Perhaps it’s time to re-think the way a time-out is used. Some parents use a time-out for punishment and it often erupts into a power struggle. Other parents use time-out for a “calm-down” period, designed so that the child will regain emotional control. In both cases, the child is usually forced into an isolating time away from parents and usually in a boring place. Originally, a time-out consisted of removing the child from a positive situation. However, often the child is acting up or blowing up because of the negative emotions he’s feeling. The emotions are not generated from an environment of pleasantness, but rather, a negative situation that is occurring. For example, a child is fighting with a sibling and is feeling angry. He hits the brother because he is feeling angry and frustrated. Removal from a negative situation is what a child often needs, but he also needs help to calm-down.
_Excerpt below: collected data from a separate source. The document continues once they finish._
lemma block_concat_map:
  assumes "\<And>x. x \<in> set xs \<Longrightarrow> length (g x) = s" and "i < length xs"
  shows "block s (concat (map g xs)) i = g (xs ! i)"
proof -
  have "(\<Sum>j<i. length (map g xs ! j)) = i * s"
    using assms by simp
  with take_drop_concat[of i "map g xs"] assms show ?thesis
    by (simp add: block_def mult.commute)
qed

lemma concat_map_block:
  "n * s \<le> length w \<Longrightarrow> concat (map (block s w) [0..<n]) = take (n * s) w"
proof (induction n)
  case 0
  then show ?case by simp
next
  case (Suc n)
  then have "concat (map (block s w) [0..<Suc n]) = take (n * s) w @ take s (drop (n * s) w)"
    by (simp add: block_def[of s w n])
  also have "\<dots> = take (n * s + s) w"
    by (simp only: take_add)
  also have "\<dots> = take (Suc n * s) w"
    by (simp add: add.commute)
  finally show ?case .
qed

definition position :: "'a list \<Rightarrow> 'a \<Rightarrow> nat" where
  "position xs x = the (map_of (zip xs [0..<length xs]) x)"

lemma position_nth: "distinct xs \<Longrightarrow> i < length xs \<Longrightarrow> position xs (xs ! i) = i"
  by (simp add: position_def map_of_zip_nth)

lemma position_less: "distinct xs \<Longrightarrow> x \<in> set xs \<Longrightarrow> position xs x < length xs"
  by (metis in_set_conv_nth position_nth)

lemma nth_position: "distinct xs \<Longrightarrow> x \<in> set xs \<Longrightarrow> xs ! position xs x = x"
  by (metis in_set_conv_nth position_nth)

lemma block_position_concat_map:
  assumes "distinct xs" "x \<in> set xs" "\<And>y. y \<in> set xs \<Longrightarrow> length (g y) = s"
  shows "block s (concat (map g xs)) (position xs x) = g x"
  using assms by (simp add: block_concat_map position_less nth_position)

lemma map_position_eq_map_upt:
  "distinct xs \<Longrightarrow> map (\<lambda>x. f (position xs x)) xs = map f [0..<length xs]"
  by (rule nth_equalityI) (auto simp: position_nth)

definition xor_sum :: "'a set \<Rightarrow> ('a \<Rightarrow> bool list) \<Rightarrow> nat \<Rightarrow> bool list" where
  "xor_sum S y s = map (\<lambda>p. odd (card {u \<in> S. y u ! p})) [0..<s]"

lemma length_xor_sum [simp]: "length (xor_sum S y s) = s"
  by (simp add: xor_sum_def)

lemma xor_sum_cong: "(\<And>u. u \<in> S \<Longrightarrow> y u = y' u) \<Longrightarrow> xor_sum S y s = xor_sum S y' s"
  unfolding xor_sum_def by (metis (mono_tags, lifting) Collect_cong)

lemma xor_sum_remove:
  assumes "finite S" "k \<in> S" "length (y k) = s"
  shows "map2 (\<noteq>) (xor_sum S y s) (xor_sum (S - {k}) y s) = y k"
proof (rule nth_equalityI)
  fix p assume "p < length (map2 (\<noteq>) (xor_sum S y s) (xor_sum (S - {k}) y s))"
  then have p: "p < s" by simp
  have "{u \<in> S. y u ! p} =
      (if y k ! p then insert k {u \<in> S - {k}. y u ! p} else {u \<in> S - {k}. y u ! p})"
    using assms by auto
  then show "map2 (\<noteq>) (xor_sum S y s) (xor_sum (S - {k}) y s) ! p = y k ! p"
    using p assms(1) by (simp add: xor_sum_def)
qed (use assms in simp)

definition distinct_list_of :: "'a set \<Rightarrow> 'a list" where
  "distinct_list_of A = (SOME xs. distinct xs \<and> set xs = A)"

lemma distinct_list_of:
  "finite A \<Longrightarrow> distinct (distinct_list_of A) \<and> set (distinct_list_of A) = A"
  unfolding distinct_list_of_def by (metis (mono_tags, lifting) finite_distinct_list someI_ex)

lemma finite_subsets_of_card: "finite {T. T \<subseteq> {..<n::nat} \<and> card T = t}"
  by (rule finite_subset[of _ "Pow {..<n}"]) auto

lemma card_subsets_containing:
  assumes "k < n" "0 < t"
  shows "card {T. T \<subseteq> {..<n::nat} \<and> card T = t \<and> k \<in> T} \<le> (n - 1) choose (t - 1)"
proof -
  let ?A = "{T. T \<subseteq> {..<n} \<and> card T = t \<and> k \<in> T}"
  let ?B = "{T. T \<subseteq> {..<n} - {k} \<and> card T = t - 1}"
  have "inj_on (\<lambda>T. T - {k}) ?A"
    by (rule inj_onI) (metis insert_Diff mem_Collect_eq)
  moreover have "(\<lambda>T. T - {k}) ` ?A \<subseteq> ?B"
    using finite_subset by (fastforce simp: card_Diff_singleton)
  moreover have "finite ?B"
    by (rule finite_subset[of _ "Pow {..<n}"]) auto
  ultimately have "card ?A \<le> card ?B"
    by (rule card_inj_on_le)
  also have "card ?B = card ({..<n} - {k}) choose (t - 1)"
    by (rule n_subsets) simp
  finally show ?thesis
    using assms by simp
qed

lemma insert_Diff_in_subsets_of_card:
  assumes "T \<subseteq> {..<n::nat}" "card T = t" "k < n" "k \<notin> T" "u \<in> T"
  shows "insert k T - {u} \<subseteq> {..<n} \<and> card (insert k T - {u}) = t"
proof -
  have "finite T" using assms(1) finite_subset by blast
  with assms show ?thesis
    by (auto simp: card_Diff_singleton_if)
qed

lemma length_filter_product_snd:
  "length (filter (\<lambda>(x, y). P y) (List.product xs ys)) = length xs * length (filter P ys)"
  by (induction xs) (auto simp: comp_def split_beta)

lemma Suc_times_binomial_eq_diff_times_binomial:
  "Suc t * (n choose Suc t) = (n - t) * (n choose t)"
  by (simp only: binomial_absorption binomial_absorb_comp)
So ideally, a time-out should not be a punishment, but instead, a calm-down strategy for an upset child. Many parents call this a Time-In.
The Trouble with Time-out
Time-outs have many concerns, but the five most common are as follows. First, children in time-out don’t really know why they are there. Although most adults hope the child is thinking about their part in the previous situation and how to make restitution, most often the child is really thinking about revenge or how unfair the situation is and how they will get even when they are done jail time. Secondly, as mentioned, time-outs escalate anger, both the child and the parents when the child won’t stay and the erupted anger leads to power struggles that nobody wins. Third, often as child get older and acquire more “attitude” parents can’t force them to move or stay in time-out. Spirited children openly oppose time-outs with a vengeance. Many parents have marks on their doors to prove it! In addition, giving a child a time-out models power, not peace. The fourth problem is that they learn that when someone is bothering them, it’s better to force that person to go away, rather than the real-life skill of removing oneself when things get too intolerable.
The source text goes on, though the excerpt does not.